## MATERIAL PROVIDED
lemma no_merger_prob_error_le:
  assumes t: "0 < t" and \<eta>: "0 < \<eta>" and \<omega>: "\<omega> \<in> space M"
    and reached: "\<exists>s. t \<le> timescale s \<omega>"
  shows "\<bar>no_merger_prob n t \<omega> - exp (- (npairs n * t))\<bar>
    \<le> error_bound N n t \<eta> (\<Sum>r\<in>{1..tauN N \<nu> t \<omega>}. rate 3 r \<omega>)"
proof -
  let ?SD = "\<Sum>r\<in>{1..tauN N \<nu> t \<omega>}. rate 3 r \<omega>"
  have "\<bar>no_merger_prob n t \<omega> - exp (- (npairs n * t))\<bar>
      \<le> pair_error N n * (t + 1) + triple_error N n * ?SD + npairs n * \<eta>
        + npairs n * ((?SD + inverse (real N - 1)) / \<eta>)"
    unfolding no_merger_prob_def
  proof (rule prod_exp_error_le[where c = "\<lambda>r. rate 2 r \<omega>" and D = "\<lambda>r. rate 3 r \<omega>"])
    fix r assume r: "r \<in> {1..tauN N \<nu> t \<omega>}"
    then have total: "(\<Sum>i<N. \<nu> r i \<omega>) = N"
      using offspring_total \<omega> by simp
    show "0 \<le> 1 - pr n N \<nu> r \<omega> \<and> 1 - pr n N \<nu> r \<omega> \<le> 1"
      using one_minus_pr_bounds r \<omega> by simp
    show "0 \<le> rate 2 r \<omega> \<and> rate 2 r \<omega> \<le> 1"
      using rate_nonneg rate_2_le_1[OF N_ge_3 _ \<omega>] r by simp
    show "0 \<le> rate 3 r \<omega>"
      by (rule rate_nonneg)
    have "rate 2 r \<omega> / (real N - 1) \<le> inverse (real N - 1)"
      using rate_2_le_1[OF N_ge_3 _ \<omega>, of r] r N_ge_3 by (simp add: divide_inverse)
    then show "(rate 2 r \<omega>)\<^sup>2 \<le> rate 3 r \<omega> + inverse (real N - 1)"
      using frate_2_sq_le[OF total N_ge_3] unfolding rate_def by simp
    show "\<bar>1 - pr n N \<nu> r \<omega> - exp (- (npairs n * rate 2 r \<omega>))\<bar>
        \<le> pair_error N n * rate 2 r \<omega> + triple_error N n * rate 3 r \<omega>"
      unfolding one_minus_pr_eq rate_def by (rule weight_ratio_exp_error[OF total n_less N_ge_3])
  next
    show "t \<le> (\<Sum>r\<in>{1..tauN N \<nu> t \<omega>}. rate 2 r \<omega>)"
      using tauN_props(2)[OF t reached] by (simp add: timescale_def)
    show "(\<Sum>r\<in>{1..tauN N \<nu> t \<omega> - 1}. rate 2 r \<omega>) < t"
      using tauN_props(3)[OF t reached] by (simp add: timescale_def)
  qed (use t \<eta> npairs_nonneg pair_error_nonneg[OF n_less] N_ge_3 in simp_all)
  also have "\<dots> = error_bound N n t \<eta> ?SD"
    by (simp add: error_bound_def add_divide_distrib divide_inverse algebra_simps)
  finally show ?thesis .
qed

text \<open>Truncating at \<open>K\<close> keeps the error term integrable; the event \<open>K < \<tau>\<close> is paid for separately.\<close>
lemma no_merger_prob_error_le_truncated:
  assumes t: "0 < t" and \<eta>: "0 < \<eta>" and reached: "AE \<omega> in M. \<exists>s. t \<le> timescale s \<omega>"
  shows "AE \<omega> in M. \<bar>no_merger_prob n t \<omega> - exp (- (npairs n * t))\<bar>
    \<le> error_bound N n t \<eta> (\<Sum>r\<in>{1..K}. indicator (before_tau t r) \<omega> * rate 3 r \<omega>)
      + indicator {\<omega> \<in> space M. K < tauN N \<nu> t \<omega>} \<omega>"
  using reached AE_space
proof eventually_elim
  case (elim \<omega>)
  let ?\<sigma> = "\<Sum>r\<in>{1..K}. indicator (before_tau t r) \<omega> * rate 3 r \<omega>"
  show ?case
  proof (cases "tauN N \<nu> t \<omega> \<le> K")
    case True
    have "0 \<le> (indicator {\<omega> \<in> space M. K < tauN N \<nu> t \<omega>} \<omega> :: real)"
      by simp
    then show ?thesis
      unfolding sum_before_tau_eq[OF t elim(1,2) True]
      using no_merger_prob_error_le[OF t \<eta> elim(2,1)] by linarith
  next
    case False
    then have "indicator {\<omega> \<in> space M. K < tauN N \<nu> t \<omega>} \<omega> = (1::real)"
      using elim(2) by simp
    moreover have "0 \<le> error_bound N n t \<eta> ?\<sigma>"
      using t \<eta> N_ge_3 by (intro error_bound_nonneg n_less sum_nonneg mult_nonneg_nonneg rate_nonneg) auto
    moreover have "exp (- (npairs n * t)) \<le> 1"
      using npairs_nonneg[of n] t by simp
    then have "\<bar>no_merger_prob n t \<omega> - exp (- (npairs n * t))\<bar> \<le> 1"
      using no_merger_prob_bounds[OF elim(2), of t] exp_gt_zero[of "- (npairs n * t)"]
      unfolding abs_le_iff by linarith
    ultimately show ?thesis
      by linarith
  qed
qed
==
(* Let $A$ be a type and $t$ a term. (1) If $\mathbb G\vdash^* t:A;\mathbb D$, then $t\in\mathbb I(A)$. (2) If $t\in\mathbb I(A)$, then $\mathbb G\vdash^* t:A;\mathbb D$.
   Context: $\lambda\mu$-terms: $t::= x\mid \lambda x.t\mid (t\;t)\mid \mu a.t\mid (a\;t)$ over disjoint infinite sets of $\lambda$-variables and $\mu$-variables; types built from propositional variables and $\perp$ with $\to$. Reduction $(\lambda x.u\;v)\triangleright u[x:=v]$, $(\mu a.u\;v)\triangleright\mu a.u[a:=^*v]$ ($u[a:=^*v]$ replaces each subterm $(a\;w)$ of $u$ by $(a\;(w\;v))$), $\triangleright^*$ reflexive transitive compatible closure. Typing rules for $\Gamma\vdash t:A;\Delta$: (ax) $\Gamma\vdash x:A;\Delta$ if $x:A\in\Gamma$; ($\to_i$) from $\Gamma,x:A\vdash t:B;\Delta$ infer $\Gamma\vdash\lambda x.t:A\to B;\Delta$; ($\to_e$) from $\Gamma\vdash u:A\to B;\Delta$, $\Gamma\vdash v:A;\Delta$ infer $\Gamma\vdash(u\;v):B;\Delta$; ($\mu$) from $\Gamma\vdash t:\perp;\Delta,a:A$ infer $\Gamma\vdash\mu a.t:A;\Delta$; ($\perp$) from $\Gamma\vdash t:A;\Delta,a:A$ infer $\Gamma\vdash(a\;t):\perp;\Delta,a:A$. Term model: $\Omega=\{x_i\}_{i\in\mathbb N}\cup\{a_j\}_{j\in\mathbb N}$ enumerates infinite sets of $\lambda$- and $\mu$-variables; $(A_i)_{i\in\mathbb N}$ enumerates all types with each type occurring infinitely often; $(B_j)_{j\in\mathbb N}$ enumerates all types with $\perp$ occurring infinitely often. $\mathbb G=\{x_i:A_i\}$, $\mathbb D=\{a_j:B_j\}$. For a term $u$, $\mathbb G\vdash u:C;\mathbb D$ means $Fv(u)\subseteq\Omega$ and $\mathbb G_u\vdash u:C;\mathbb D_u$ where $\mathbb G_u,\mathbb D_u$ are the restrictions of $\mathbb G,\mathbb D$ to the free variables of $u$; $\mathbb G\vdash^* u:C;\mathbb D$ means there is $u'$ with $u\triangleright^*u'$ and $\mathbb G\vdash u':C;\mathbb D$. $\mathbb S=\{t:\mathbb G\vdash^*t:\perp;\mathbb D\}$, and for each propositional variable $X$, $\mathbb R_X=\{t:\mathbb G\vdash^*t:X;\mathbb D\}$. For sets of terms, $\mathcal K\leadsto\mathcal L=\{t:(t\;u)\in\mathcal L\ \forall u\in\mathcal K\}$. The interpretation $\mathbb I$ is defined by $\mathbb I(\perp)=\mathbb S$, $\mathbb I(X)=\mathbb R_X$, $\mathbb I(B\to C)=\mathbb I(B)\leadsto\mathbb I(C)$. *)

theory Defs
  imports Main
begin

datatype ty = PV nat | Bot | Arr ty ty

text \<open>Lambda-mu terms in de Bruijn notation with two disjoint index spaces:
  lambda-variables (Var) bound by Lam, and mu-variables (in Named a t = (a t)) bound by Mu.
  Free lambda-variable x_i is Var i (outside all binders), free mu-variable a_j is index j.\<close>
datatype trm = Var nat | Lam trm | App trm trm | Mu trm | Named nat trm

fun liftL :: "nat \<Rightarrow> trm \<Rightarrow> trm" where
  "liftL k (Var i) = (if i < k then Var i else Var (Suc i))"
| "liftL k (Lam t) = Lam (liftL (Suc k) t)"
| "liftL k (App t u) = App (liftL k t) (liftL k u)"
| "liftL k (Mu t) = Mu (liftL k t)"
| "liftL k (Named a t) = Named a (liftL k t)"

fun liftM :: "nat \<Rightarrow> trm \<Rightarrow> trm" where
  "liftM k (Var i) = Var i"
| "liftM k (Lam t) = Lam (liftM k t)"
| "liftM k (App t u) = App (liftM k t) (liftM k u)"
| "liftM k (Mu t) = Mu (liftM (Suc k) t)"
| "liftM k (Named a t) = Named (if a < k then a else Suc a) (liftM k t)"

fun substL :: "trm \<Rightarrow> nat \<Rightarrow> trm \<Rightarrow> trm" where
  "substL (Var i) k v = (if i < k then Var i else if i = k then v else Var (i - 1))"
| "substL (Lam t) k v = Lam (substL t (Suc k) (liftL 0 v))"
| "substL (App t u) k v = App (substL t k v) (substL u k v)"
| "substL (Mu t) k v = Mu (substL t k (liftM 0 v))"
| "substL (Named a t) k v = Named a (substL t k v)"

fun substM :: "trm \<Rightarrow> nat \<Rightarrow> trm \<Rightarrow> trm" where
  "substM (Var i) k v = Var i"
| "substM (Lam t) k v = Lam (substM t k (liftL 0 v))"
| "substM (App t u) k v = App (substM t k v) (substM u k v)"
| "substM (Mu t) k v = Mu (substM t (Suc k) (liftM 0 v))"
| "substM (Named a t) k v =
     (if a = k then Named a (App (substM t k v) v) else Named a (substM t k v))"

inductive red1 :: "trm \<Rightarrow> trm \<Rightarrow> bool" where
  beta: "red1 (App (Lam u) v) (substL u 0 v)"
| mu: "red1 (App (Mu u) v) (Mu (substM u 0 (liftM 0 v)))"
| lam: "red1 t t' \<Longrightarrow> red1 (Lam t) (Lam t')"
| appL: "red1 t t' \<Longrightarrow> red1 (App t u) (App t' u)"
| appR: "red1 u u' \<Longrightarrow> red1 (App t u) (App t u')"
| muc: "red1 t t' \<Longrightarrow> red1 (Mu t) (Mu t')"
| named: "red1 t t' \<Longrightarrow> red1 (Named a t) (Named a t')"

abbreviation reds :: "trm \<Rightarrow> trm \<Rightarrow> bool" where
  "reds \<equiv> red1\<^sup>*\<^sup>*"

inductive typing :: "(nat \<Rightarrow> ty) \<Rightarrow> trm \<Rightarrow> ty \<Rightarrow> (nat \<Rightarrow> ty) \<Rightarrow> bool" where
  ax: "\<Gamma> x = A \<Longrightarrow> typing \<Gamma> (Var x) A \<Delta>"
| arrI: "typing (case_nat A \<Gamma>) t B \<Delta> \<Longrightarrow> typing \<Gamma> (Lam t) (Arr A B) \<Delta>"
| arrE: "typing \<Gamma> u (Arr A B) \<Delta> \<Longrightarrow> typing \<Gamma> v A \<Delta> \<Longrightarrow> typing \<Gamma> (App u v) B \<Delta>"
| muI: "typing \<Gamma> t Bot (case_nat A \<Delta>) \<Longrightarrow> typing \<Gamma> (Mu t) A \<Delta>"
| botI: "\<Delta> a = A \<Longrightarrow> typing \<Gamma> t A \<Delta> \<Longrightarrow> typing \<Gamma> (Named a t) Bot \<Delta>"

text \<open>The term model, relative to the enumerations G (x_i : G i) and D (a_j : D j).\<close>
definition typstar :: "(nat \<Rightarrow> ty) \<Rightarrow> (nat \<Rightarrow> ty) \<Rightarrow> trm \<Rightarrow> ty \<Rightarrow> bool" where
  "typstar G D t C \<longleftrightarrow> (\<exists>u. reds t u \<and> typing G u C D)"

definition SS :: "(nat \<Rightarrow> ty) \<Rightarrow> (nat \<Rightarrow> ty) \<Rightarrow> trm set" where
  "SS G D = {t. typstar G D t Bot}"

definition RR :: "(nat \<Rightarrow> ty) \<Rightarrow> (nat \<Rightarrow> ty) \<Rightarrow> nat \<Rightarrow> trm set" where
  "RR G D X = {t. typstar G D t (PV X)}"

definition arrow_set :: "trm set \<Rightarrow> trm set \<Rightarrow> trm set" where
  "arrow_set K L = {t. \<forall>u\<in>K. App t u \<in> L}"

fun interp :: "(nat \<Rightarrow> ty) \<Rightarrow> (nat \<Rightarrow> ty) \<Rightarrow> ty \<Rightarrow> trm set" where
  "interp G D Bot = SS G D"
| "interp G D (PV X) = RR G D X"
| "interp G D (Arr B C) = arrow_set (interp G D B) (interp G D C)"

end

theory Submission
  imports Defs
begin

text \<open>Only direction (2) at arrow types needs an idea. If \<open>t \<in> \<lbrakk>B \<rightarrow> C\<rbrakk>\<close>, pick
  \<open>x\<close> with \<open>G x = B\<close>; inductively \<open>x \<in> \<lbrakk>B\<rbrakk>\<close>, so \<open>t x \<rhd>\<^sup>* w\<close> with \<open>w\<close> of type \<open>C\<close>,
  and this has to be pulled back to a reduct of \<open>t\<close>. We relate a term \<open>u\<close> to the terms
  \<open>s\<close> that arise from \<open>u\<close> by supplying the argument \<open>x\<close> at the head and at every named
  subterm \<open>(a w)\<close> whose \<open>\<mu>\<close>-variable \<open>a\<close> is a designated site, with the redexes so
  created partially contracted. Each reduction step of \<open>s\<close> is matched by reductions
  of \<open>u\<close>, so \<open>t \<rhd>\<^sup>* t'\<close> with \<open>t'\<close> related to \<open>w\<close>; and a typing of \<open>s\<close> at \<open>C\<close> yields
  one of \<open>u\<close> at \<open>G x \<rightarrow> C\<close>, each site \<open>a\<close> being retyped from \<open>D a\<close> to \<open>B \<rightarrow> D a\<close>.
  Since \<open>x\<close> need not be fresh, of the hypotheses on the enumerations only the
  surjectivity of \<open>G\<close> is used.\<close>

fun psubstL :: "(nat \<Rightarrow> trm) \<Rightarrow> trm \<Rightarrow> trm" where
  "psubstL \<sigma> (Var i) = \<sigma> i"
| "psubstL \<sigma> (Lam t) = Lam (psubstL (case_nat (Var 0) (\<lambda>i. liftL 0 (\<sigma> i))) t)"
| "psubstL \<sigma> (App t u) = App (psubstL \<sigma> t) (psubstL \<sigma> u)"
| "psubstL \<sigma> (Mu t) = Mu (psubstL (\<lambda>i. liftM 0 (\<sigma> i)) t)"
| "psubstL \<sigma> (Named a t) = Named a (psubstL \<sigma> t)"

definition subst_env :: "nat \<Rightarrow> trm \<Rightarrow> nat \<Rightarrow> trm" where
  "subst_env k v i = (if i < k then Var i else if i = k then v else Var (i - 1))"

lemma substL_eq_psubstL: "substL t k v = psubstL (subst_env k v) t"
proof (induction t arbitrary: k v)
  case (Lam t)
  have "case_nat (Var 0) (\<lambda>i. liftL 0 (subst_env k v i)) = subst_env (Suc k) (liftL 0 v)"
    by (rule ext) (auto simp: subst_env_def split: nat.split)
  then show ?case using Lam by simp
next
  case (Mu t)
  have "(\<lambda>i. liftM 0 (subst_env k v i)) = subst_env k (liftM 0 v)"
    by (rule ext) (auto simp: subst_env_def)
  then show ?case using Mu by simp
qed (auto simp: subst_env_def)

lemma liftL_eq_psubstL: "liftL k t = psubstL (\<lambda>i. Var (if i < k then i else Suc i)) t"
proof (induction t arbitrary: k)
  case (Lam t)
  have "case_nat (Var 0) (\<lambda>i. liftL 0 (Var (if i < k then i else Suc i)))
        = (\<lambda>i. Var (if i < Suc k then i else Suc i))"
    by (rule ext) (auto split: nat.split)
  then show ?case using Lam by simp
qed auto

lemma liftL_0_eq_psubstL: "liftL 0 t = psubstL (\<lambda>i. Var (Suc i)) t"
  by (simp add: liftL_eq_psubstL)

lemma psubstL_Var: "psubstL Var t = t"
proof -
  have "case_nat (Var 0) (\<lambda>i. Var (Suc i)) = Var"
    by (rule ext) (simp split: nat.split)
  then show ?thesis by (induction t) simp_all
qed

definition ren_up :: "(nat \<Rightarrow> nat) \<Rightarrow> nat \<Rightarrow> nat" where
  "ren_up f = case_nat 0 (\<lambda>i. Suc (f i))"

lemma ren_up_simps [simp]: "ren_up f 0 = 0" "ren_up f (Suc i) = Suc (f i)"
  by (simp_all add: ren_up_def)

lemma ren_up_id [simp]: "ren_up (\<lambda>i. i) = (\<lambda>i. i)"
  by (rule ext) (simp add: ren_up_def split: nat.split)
--
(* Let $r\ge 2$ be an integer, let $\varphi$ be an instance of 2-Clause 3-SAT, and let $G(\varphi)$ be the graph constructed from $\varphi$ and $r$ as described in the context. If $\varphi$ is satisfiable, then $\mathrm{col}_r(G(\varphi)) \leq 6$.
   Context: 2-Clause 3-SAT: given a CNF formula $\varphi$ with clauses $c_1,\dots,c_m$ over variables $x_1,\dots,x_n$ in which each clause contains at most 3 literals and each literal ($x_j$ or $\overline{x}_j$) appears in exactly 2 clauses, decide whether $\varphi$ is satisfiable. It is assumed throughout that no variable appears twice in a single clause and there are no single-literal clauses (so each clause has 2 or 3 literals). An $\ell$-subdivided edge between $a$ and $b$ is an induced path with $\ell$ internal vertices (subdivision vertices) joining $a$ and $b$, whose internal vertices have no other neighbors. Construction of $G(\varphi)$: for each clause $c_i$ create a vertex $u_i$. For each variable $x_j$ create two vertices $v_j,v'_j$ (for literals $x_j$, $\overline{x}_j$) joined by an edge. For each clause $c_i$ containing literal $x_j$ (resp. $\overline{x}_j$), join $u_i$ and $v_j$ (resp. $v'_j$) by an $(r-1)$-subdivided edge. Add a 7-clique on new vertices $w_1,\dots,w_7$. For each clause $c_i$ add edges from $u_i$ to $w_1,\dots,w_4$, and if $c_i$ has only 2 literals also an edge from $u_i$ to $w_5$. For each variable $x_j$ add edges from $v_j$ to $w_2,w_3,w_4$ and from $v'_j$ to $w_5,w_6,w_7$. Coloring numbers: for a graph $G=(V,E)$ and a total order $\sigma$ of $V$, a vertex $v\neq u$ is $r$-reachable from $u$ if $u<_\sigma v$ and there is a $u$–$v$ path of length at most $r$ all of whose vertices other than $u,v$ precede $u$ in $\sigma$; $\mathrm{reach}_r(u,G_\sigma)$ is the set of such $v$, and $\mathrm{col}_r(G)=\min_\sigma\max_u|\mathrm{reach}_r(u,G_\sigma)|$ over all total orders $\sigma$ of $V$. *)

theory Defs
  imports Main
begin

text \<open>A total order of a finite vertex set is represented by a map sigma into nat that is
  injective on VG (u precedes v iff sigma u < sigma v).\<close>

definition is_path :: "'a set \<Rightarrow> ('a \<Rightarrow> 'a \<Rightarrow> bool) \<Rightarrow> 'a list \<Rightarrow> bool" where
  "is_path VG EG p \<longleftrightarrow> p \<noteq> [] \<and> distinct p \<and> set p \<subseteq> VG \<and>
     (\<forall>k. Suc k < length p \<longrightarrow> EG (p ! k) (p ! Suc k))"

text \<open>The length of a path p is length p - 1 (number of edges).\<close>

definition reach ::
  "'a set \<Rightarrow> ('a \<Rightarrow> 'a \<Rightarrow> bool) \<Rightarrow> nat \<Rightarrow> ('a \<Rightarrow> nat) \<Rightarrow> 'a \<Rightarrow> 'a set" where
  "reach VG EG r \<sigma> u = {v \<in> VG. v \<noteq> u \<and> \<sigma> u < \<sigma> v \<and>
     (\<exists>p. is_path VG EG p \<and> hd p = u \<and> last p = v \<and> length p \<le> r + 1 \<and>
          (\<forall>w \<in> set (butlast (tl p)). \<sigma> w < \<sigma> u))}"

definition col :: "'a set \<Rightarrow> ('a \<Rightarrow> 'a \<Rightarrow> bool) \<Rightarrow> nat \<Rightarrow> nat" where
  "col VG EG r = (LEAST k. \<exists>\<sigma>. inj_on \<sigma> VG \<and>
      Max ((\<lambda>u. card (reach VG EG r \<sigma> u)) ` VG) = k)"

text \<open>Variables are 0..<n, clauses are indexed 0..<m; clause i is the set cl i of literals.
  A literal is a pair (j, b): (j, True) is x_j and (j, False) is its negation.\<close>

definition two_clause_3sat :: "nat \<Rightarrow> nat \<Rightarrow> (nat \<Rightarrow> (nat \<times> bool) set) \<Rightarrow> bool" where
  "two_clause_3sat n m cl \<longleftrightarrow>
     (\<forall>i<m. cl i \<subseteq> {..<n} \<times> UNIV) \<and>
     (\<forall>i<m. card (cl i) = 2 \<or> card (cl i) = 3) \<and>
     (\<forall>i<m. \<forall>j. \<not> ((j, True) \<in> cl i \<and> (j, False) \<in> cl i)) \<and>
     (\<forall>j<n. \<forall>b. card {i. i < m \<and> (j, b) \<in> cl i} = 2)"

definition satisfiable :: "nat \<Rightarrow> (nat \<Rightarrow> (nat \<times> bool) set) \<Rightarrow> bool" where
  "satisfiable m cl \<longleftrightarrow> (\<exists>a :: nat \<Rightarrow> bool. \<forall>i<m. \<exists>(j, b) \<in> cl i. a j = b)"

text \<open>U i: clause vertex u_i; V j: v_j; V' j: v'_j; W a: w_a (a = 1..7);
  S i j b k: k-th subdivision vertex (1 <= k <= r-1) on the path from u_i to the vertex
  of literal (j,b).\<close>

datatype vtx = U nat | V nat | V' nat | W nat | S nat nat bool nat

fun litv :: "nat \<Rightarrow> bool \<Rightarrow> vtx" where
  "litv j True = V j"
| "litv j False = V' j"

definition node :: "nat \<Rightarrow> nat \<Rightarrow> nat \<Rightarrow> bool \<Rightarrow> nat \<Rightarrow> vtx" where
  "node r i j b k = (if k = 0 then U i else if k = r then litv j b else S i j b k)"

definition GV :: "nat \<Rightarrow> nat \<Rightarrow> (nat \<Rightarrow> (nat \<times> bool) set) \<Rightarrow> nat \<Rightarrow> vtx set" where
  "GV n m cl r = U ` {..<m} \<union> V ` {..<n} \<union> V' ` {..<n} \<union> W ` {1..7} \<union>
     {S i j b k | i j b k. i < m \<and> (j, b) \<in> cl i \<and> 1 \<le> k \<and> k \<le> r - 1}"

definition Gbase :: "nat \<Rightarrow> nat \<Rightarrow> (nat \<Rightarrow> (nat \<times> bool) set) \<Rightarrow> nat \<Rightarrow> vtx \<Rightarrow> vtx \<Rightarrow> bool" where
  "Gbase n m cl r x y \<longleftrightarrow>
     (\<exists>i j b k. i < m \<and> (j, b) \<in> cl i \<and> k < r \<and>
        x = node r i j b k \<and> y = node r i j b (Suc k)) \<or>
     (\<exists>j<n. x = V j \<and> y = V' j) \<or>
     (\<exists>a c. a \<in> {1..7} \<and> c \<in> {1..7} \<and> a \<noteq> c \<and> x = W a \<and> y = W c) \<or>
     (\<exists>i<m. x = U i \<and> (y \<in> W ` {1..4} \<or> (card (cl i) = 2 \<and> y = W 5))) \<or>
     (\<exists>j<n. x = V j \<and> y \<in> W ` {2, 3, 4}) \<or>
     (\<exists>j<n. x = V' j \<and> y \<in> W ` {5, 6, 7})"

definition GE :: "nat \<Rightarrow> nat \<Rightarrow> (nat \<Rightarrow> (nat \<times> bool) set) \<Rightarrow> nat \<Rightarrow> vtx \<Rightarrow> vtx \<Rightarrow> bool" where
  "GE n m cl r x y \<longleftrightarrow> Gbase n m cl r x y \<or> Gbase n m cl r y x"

## WHAT TO PRODUCE
Scan the records for the word "shows", and copy each line where it is found.

## SOLUTION TO THIS PROBLEM
  shows "\<bar>no_merger_prob n t \<omega> - exp (- (npairs n * t))\<bar>
  shows "AE \<omega> in M. \<bar>no_merger_prob n t \<omega> - exp (- (npairs n * t))\<bar>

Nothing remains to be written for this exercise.